Michael Brenden Dougherty/The Week:
"But it's not about Donald Trump."
This sentence brought me up short the first half-dozen times I heard it come out of the mouth of someone smart who was implausibly but passionately arguing that I should support Donald Trump. It is now very familiar. It is the response I got every time I pointed out that Donald Trump is not reliable, has a wicked character, is enslaved to his passions, and is kind of stupid. Now I recognize this sentence for what it is. "But it's not about Donald Trump" is the verbal initiation into what I call the esoteric case for Trump. It comes in many forms, but they all share a basic outline.
Meet The Press:
Welcome back to this week's Data Download. There's been the belief by some that in 2016, a working class white army is going to emerge for Donald Trump and swing key states for him. Well we've looked at the data in two of these states: Florida and Pennsylvania. And the numbers suggest there is a missing working class white vote out there. Working class whites who stayed home in 2012. But are these folks actually registering to vote for 2016? Well let's start with Florida. In the five counties with the highest percentage of white working class voters, places that should lean Republican this year, voter registration is up four and a half percent from last fall. But that's lower than the state's total registration increase of 4.7 percent.

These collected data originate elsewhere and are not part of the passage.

(* Let $(\pi_1,S_1,T_1,W_1)$ be a linearly minimal homomorphism dilation system of a linear system $(\varphi,\mathcal A,V)$, and let $(\pi_c,S_c,T_c,W_c)$ be the canonical dilation. (i) If $\ker S_1$ contains no nonzero $\pi_1(\mathcal A)$-invariant subspace, then $(\pi_1,S_1,T_1,W_1)$ is equivalent to the canonical dilation. (ii) If $\dim W_1<\infty$ and $\pi_1$ is equivalent to $\pi_c$, in the sense that there is a bijective linear map $R:W_1\to W_c$ with $\pi_c(a)R=R\pi_1(a)$ for all $a\in\mathcal A$, then $\ker S_1$ contains no nonzero $\pi_1(\mathcal A)$-invariant subspace.
   Context: Fix a field $\mathbb F$; all algebras and vector spaces are over $\mathbb F$, and $L(X)$ is the algebra of linear maps $X\to X$. A linear system $(\varphi,\mathcal A,V)$: $\mathcal A$ a unital associative algebra with unit $I$, $V$ a vector space, $\varphi:\mathcal A\to L(V)$ linear with $\varphi(I)=\mathrm{id}_V$. A homomorphism dilation system $(\pi,S,T,W)$: $W$ a vector space, $\pi:\mathcal A\to L(W)$ a unital homomorphism, $T:V\to W$ injective linear, $S:W\to V$ surjective linear, $\varphi(a)=S\pi(a)T$ for all $a$. It is linearly minimal if $W=\mathrm{span}\{\pi(a)Tv\}$. Two linearly minimal systems are equivalent if there is a bijective linear $R:W_1\to W_2$ with $RT_1=T_2$, $S_2R=S_1$, $\pi_1(a)=R^{-1}\pi_2(a)R$ for all $a$. Canonical dilation: $\alpha_{a,x}\in L(\mathcal A,V)$, $\alpha_{a,x}(b)=\varphi(ba)x$; $W_c=\mathrm{span}\{\alpha_{a,x}:a\in\mathcal A,x\in V\}$; $\pi_c(a)\alpha_{b,x}=\alpha_{ab,x}$; $T_cx=\alpha_{I,x}$; $S_c(\alpha_{a,x})=\varphi(a)x$. *)

theory Defs
  imports Complex_Main "HOL-Library.Function_Algebras"
begin

(* A vector space is a type with
   ab_group_add structure together with a scalar multiplication satisfying
   the library locale vector_space. *)

definition unital_algebra :: "('f::field \<Rightarrow> 'a::ring_1 \<Rightarrow> 'a) \<Rightarrow> bool" where
  "unital_algebra sA \<longleftrightarrow> vector_space sA \<and>
     (\<forall>c x y. sA c (x * y) = sA c x * y \<and> sA c (x * y) = x * sA c y)"

definition linear_system ::
  "('f::field \<Rightarrow> 'a::ring_1 \<Rightarrow> 'a) \<Rightarrow> ('f \<Rightarrow> 'v::ab_group_add \<Rightarrow> 'v) \<Rightarrow> ('a \<Rightarrow> 'v \<Rightarrow> 'v) \<Rightarrow> bool" where
  "linear_system sA sV \<phi> \<longleftrightarrow> unital_algebra sA \<and> vector_space sV \<and>
     (\<forall>a. Vector_Spaces.linear sV sV (\<phi> a)) \<and>
     (\<forall>a b x. \<phi> (a + b) x = \<phi> a x + \<phi> b x) \<and>
     (\<forall>c a x. \<phi> (sA c a) x = sV c (\<phi> a x)) \<and>
     \<phi> 1 = id"

definition hom_dilation_system ::
  "('f::field \<Rightarrow> 'a::ring_1 \<Rightarrow> 'a) \<Rightarrow> ('f \<Rightarrow> 'v::ab_group_add \<Rightarrow> 'v) \<Rightarrow> ('a \<Rightarrow> 'v \<Rightarrow> 'v)
   \<Rightarrow> ('f \<Rightarrow> 'w::ab_group_add \<Rightarrow> 'w) \<Rightarrow> ('a \<Rightarrow> 'w \<Rightarrow> 'w) \<Rightarrow> ('w \<Rightarrow> 'v) \<Rightarrow> ('v \<Rightarrow> 'w) \<Rightarrow> bool" where
  "hom_dilation_system sA sV \<phi> sW \<pi> S T \<longleftrightarrow>
     linear_system sA sV \<phi> \<and> vector_space sW \<and>
     (\<forall>a. Vector_Spaces.linear sW sW (\<pi> a)) \<and>
     (\<forall>a b w. \<pi> (a + b) w = \<pi> a w + \<pi> b w) \<and>
     (\<forall>c a w. \<pi> (sA c a) w = sW c (\<pi> a w)) \<and>
     (\<forall>a b. \<pi> (a * b) = \<pi> a \<circ> \<pi> b) \<and>
     \<pi> 1 = id \<and>
     Vector_Spaces.linear sV sW T \<and> inj T \<and>
     Vector_Spaces.linear sW sV S \<and> surj S \<and>
     (\<forall>a. \<phi> a = S \<circ> \<pi> a \<circ> T)"

definition linearly_minimal ::
  "('f::field \<Rightarrow> 'w::ab_group_add \<Rightarrow> 'w) \<Rightarrow> ('a \<Rightarrow> 'w \<Rightarrow> 'w) \<Rightarrow> ('v \<Rightarrow> 'w) \<Rightarrow> bool" where
  "linearly_minimal sW \<pi> T \<longleftrightarrow> module.span sW {\<pi> a (T v) | a v. True} = UNIV"

(* The canonical dilation.  L(A,V) is represented inside the space of all
   functions 'a => 'v with pointwise operations. *)
definition fun_scale :: "('f \<Rightarrow> 'v \<Rightarrow> 'v) \<Rightarrow> 'f \<Rightarrow> ('a \<Rightarrow> 'v) \<Rightarrow> ('a \<Rightarrow> 'v)" where
  "fun_scale sV c f = (\<lambda>b. sV c (f b))"

definition alpha :: "('a::ring_1 \<Rightarrow> 'v \<Rightarrow> 'v) \<Rightarrow> 'a \<Rightarrow> 'v \<Rightarrow> ('a \<Rightarrow> 'v)" where
  "alpha \<phi> a x = (\<lambda>b. \<phi> (b * a) x)"

definition W_c :: "('f::field \<Rightarrow> 'v::ab_group_add \<Rightarrow> 'v) \<Rightarrow> ('a::ring_1 \<Rightarrow> 'v \<Rightarrow> 'v) \<Rightarrow> ('a \<Rightarrow> 'v) set" where
  "W_c sV \<phi> = module.span (fun_scale sV) {alpha \<phi> a x | a x. True}"

(* pi_c(a) alpha_{b,x} = alpha_{ab,x}; on W_c this is f |-> (c |-> f (c * a)) *)
definition pi_c :: "'a::ring_1 \<Rightarrow> ('a \<Rightarrow> 'v) \<Rightarrow> ('a \<Rightarrow> 'v)" where
  "pi_c a f = (\<lambda>c. f (c * a))"

definition T_c :: "('a::ring_1 \<Rightarrow> 'v \<Rightarrow> 'v) \<Rightarrow> 'v \<Rightarrow> ('a \<Rightarrow> 'v)" where
  "T_c \<phi> x = alpha \<phi> 1 x"

(* S_c alpha_{a,x} = phi(a) x = alpha_{a,x}(I); on W_c this is f |-> f I *)
definition S_c :: "('a::ring_1 \<Rightarrow> 'v) \<Rightarrow> 'v" where
  "S_c f = f 1"

definition equivalent_to_canonical ::
  "('f::field \<Rightarrow> 'v::ab_group_add \<Rightarrow> 'v) \<Rightarrow> ('a::ring_1 \<Rightarrow> 'v \<Rightarrow> 'v)
   \<Rightarrow> ('f \<Rightarrow> 'w::ab_group_add \<Rightarrow> 'w) \<Rightarrow> ('a \<Rightarrow> 'w \<Rightarrow> 'w) \<Rightarrow> ('w \<Rightarrow> 'v) \<Rightarrow> ('v \<Rightarrow> 'w) \<Rightarrow> bool" where
  "equivalent_to_canonical sV \<phi> sW \<pi> S T \<longleftrightarrow>
     (\<exists>R. Vector_Spaces.linear sW (fun_scale sV) R \<and> bij_betw R UNIV (W_c sV \<phi>) \<and>
          (\<forall>v. R (T v) = T_c \<phi> v) \<and>
          (\<forall>w. S_c (R w) = S w) \<and>
          (\<forall>a w. \<pi> a w = inv_into UNIV R (pi_c a (R w))))"

definition rep_equivalent_to_canonical ::
  "('f::field \<Rightarrow> 'v::ab_group_add \<Rightarrow> 'v) \<Rightarrow> ('a::ring_1 \<Rightarrow> 'v \<Rightarrow> 'v)
   \<Rightarrow> ('f \<Rightarrow> 'w::ab_group_add \<Rightarrow> 'w) \<Rightarrow> ('a \<Rightarrow> 'w \<Rightarrow> 'w) \<Rightarrow> bool" where
  "rep_equivalent_to_canonical sV \<phi> sW \<pi> \<longleftrightarrow>
     (\<exists>R. Vector_Spaces.linear sW (fun_scale sV) R \<and> bij_betw R UNIV (W_c sV \<phi>) \<and>
          (\<forall>a w. pi_c a (R w) = R (\<pi> a w)))"

definition no_invariant_subspace_in_kernel ::
  "('f::field \<Rightarrow> 'w::ab_group_add \<Rightarrow> 'w) \<Rightarrow> ('a \<Rightarrow> 'w \<Rightarrow> 'w) \<Rightarrow> ('w \<Rightarrow> 'v::zero) \<Rightarrow> bool" where
  "no_invariant_subspace_in_kernel sW \<pi> S \<longleftrightarrow>
     (\<forall>U. module.subspace sW U \<and> U \<subseteq> {w. S w = 0} \<and> (\<forall>a. \<pi> a ` U \<subseteq> U) \<longrightarrow> U = {0})"

end

theory Submission
  imports Defs
begin

text \<open>
  Every dilation \<open>(\<pi>, S, T, W)\<close> comes with the map \<open>Q w = (b \<mapsto> S (\<pi> b w))\<close> into \<open>L(\<A>, V)\<close>.
  It intertwines \<open>\<pi>\<close> with \<open>\<pi>\<^sub>c\<close>, sends \<open>\<pi>(a) T x\<close> to \<open>\<alpha>\<^sub>a\<^sub>,\<^sub>x\<close> (so by minimality it maps \<open>W\<close>
  onto \<open>W\<^sub>c\<close>), and its kernel is the largest \<open>\<pi>(\<A>)\<close>-invariant subspace of \<open>ker S\<close>.
  Hence \<open>ker S\<close> contains no nonzero invariant subspace iff \<open>Q\<close> is injective, i.e. iff \<open>Q\<close> is an
  equivalence with the canonical dilation. If \<open>W\<close> is finite-dimensional and isomorphic to \<open>W\<^sub>c\<close>,
  the surjection \<open>Q : W \<rightarrow> W\<^sub>c\<close> is injective by counting dimensions.
\<close>

lemma vector_space_fun_scale:
  assumes "vector_space sV"
  shows "vector_space (fun_scale sV :: 'f::field \<Rightarrow> ('a \<Rightarrow> 'v::ab_group_add) \<Rightarrow> _)"
proof -
  interpret V: vector_space sV by fact
  show ?thesis
    by unfold_locales
      (auto simp: fun_scale_def fun_eq_iff V.scale_right_distrib V.scale_left_distrib)
qed

lemma (in finite_dimensional_vector_space) linear_inj_if_range_eq_range_inj:
  assumes Q: "Vector_Spaces.linear scale t Q"
    and R: "Vector_Spaces.linear scale t R" "inj R"
    and range_eq: "range Q = range R"
  shows "inj Q"
proof -
  interpret vector_space_pair scale t
    using Q by (simp add: vector_space_pair_def Vector_Spaces.linear_def)
  obtain g where g: "Vector_Spaces.linear t scale g" "g \<circ> R = id"
    using linear_injective_left_inverse[OF R] by blast
  have "range (g \<circ> Q) = range (g \<circ> R)"
    by (metis image_comp range_eq)
  then have "surj (g \<circ> Q)"
    by (simp add: g(2))
  then have "inj (g \<circ> Q)"
    using linear_surj_imp_inj Vector_Spaces.linear_compose[OF Q g(1)] by blast
  then show ?thesis
    by (rule inj_on_imageI2)
qed

locale hom_dilation =
  fixes sA :: "'f::field \<Rightarrow> 'a::ring_1 \<Rightarrow> 'a"
    and sV :: "'f \<Rightarrow> 'v::ab_group_add \<Rightarrow> 'v"
    and \<phi> :: "'a \<Rightarrow> 'v \<Rightarrow> 'v"
    and sW :: "'f \<Rightarrow> 'w::ab_group_add \<Rightarrow> 'w"
    and \<pi> :: "'a \<Rightarrow> 'w \<Rightarrow> 'w"
    and S :: "'w \<Rightarrow> 'v"
    and T :: "'v \<Rightarrow> 'w"
  assumes dilation: "hom_dilation_system sA sV \<phi> sW \<pi> S T"
begin

lemma vector_space_W: "vector_space sW"
  and vector_space_fun_space: "vector_space (fun_scale sV :: 'f \<Rightarrow> ('a \<Rightarrow> 'v) \<Rightarrow> _)"
  and linear_\<pi>: "Vector_Spaces.linear sW sW (\<pi> a)"
  and \<pi>_mult: "\<pi> (a * b) = \<pi> a \<circ> \<pi> b"
  and \<pi>_1: "\<pi> 1 = id"
  and linear_S: "Vector_Spaces.linear sW sV S"
  and \<phi>_eq: "\<phi> a = S \<circ> \<pi> a \<circ> T"
  using dilation vector_space_fun_scale
  by (auto simp: hom_dilation_system_def linear_system_def)

definition canonical_map :: "'w \<Rightarrow> 'a \<Rightarrow> 'v" where
  "canonical_map w = (\<lambda>b. S (\<pi> b w))"

lemma linear_canonical_map: "Vector_Spaces.linear sW (fun_scale sV) canonical_map"
  unfolding Vector_Spaces.linear_iff
proof (intro conjI allI)
  fix x y
  show "canonical_map (x + y) = canonical_map x + canonical_map y"
    using linear_\<pi> linear_S
    by (auto simp: canonical_map_def fun_eq_iff Vector_Spaces.linear_iff)
next
  fix c x
  show "canonical_map (sW c x) = fun_scale sV c (canonical_map x)"
    using linear_\<pi> linear_S
    by (auto simp: canonical_map_def fun_eq_iff Vector_Spaces.linear_iff fun_scale_def)
qed (fact vector_space_W vector_space_fun_space)+

interpretation Q: Vector_Spaces.linear sW "fun_scale sV" canonical_map
  by (rule linear_canonical_map)

lemma canonical_map_intertwines: "canonical_map (\<pi> a w) = pi_c a (canonical_map w)"
  by (simp add: canonical_map_def pi_c_def \<pi>_mult)

lemma canonical_map_generator: "canonical_map (\<pi> a (T x)) = alpha \<phi> a x"
  by (simp add: canonical_map_def alpha_def fun_eq_iff \<pi>_mult \<phi>_eq)

lemma canonical_map_T: "canonical_map (T x) = T_c \<phi> x"
  using canonical_map_generator[of 1 x] by (simp add: \<pi>_1 T_c_def)

lemma S_c_canonical_map: "S_c (canonical_map w) = S w"
  by (simp add: S_c_def canonical_map_def \<pi>_1)

lemma range_canonical_map:
  assumes "linearly_minimal sW \<pi> T"
  shows "range canonical_map = W_c sV \<phi>"
proof -
  have "{\<pi> a (T x) | a x. True} = (\<lambda>(a, x). \<pi> a (T x)) ` UNIV"
    and "{alpha \<phi> a x | a x. True} = (\<lambda>(a, x). alpha \<phi> a x) ` UNIV"
    by auto
  then have generators: "canonical_map ` {\<pi> a (T x) | a x. True} = {alpha \<phi> a x | a x. True}"
    by (simp add: image_image canonical_map_generator split_def)
  have "range canonical_map = canonical_map ` module.span sW {\<pi> a (T x) | a x. True}"
    using assms by (simp add: linearly_minimal_def)
  also have "\<dots> = module.span (fun_scale sV) (canonical_map ` {\<pi> a (T x) | a x. True})"
    by (rule Q.span_image[symmetric])
  finally show ?thesis
    unfolding generators W_c_def .
qed

lemma invariant_subset_kernel_canonical_map:
  assumes "U \<subseteq> {w. S w = 0}" and "\<forall>a. \<pi> a ` U \<subseteq> U"
  shows "U \<subseteq> {w. canonical_map w = 0}"
  using assms by (auto simp: canonical_map_def fun_eq_iff)

lemma kernel_canonical_map_invariant: "\<pi> a ` {w. canonical_map w = 0} \<subseteq> {w. canonical_map w = 0}"
  by (auto simp: canonical_map_intertwines pi_c_def)

lemma no_invariant_subspace_in_kernel_iff_inj:
  "no_invariant_subspace_in_kernel sW \<pi> S \<longleftrightarrow> inj canonical_map"
proof
  assume no_invariant: "no_invariant_subspace_in_kernel sW \<pi> S"
  have "S w = 0" if "canonical_map w = 0" for w
    using S_c_canonical_map[of w] that by (simp add: S_c_def zero_fun_def)
  then have "{w. canonical_map w = 0} \<subseteq> {w. S w = 0}"
    by blast
  then have "{w. canonical_map w = 0} = {0}"
    using no_invariant Q.subspace_kernel kernel_canonical_map_invariant
    by (simp add: no_invariant_subspace_in_kernel_def)
  then show "inj canonical_map"
    using Q.inj_iff_eq_0 by blast
next
  assume "inj canonical_map"
  then have "U = {0}"
    if "module.subspace sW U" "U \<subseteq> {w. S w = 0}" "\<forall>a. \<pi> a ` U \<subseteq> U" for U
    using that invariant_subset_kernel_canonical_map[of U] Q.inj_iff_eq_0 Q.vs1.subspace_0
    by blast
  then show "no_invariant_subspace_in_kernel sW \<pi> S"
    by (auto simp: no_invariant_subspace_in_kernel_def)
qed

lemma equivalent_to_canonical_if_inj:
  assumes "linearly_minimal sW \<pi> T" and "inj canonical_map"
  shows "equivalent_to_canonical sV \<phi> sW \<pi> S T"
  unfolding equivalent_to_canonical_def
proof (intro exI conjI allI)
  show "bij_betw canonical_map UNIV (W_c sV \<phi>)"
    using assms range_canonical_map by (simp add: bij_betw_def)
  show "\<pi> a w = inv_into UNIV canonical_map (pi_c a (canonical_map w))" for a w
    using assms(2) by (simp flip: canonical_map_intertwines)
qed (simp_all add: linear_canonical_map canonical_map_T S_c_canonical_map)

lemma inj_canonical_map_if_rep_equivalent:
  assumes "linearly_minimal sW \<pi> T"
    and "finite_dimensional_vector_space sW B"
    and "rep_equivalent_to_canonical sV \<phi> sW \<pi>"
  shows "inj canonical_map"
proof -
  obtain R where R: "Vector_Spaces.linear sW (fun_scale sV) R" "bij_betw R UNIV (W_c sV \<phi>)"
    using assms(3) unfolding rep_equivalent_to_canonical_def by blast
  show ?thesis
    using finite_dimensional_vector_space.linear_inj_if_range_eq_range_inj[OF assms(2)
        linear_canonical_map R(1)] R(2) range_canonical_map[OF assms(1)]
    by (simp add: bij_betw_def)
qed

end

theorem corollary3p5:
  fixes sA :: "'f::field \<Rightarrow> 'a::ring_1 \<Rightarrow> 'a"
    and sV :: "'f \<Rightarrow> 'v::ab_group_add \<Rightarrow> 'v"
    and sW :: "'f \<Rightarrow> 'w::ab_group_add \<Rightarrow> 'w"
    and \<phi> :: "'a \<Rightarrow> 'v \<Rightarrow> 'v"
    and \<pi>1 :: "'a \<Rightarrow> 'w \<Rightarrow> 'w"
    and S1 :: "'w \<Rightarrow> 'v"
    and T1 :: "'v \<Rightarrow> 'w"
  assumes "hom_dilation_system sA sV \<phi> sW \<pi>1 S1 T1"
    and "linearly_minimal sW \<pi>1 T1"
  shows "(no_invariant_subspace_in_kernel sW \<pi>1 S1 \<longrightarrow>
            equivalent_to_canonical sV \<phi> sW \<pi>1 S1 T1)
       \<and> ((\<exists>B. finite_dimensional_vector_space sW B) \<and>
            rep_equivalent_to_canonical sV \<phi> sW \<pi>1 \<longrightarrow>
            no_invariant_subspace_in_kernel sW \<pi>1 S1)"
proof -
  interpret hom_dilation sA sV \<phi> sW \<pi>1 S1 T1
    using assms(1) by unfold_locales
  show ?thesis
    using assms(2) no_invariant_subspace_in_kernel_iff_inj equivalent_to_canonical_if_inj
      inj_canonical_map_if_rep_equivalent by blast
qed

end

And compare that to the five most diverse counties in Florida, which largely lean Democratic, where registration is up 5.7 percent. So there does not seem to be a Trump advantage in Florida.
Well let's go to Pennsylvania. In the five most white working class counties, voter registration is up a mere 2.8 percent. It's significantly lower than the state up-- updates overall: 4.8 percent. And again, lower in Pennsylvania than the five most diverse counties in the state, where voter registration has increased over 5 percent.
So in these places where Trump has the most votes to gain -- the voters who could potentially win him this election -- there's no evidence that people are registering to vote in droves. In fact, there's no evidence that anybody's in these counties registering people to vote. Many of the folks in these counties stayed home in 2012, and it's quite possible we'll see the same thing this November.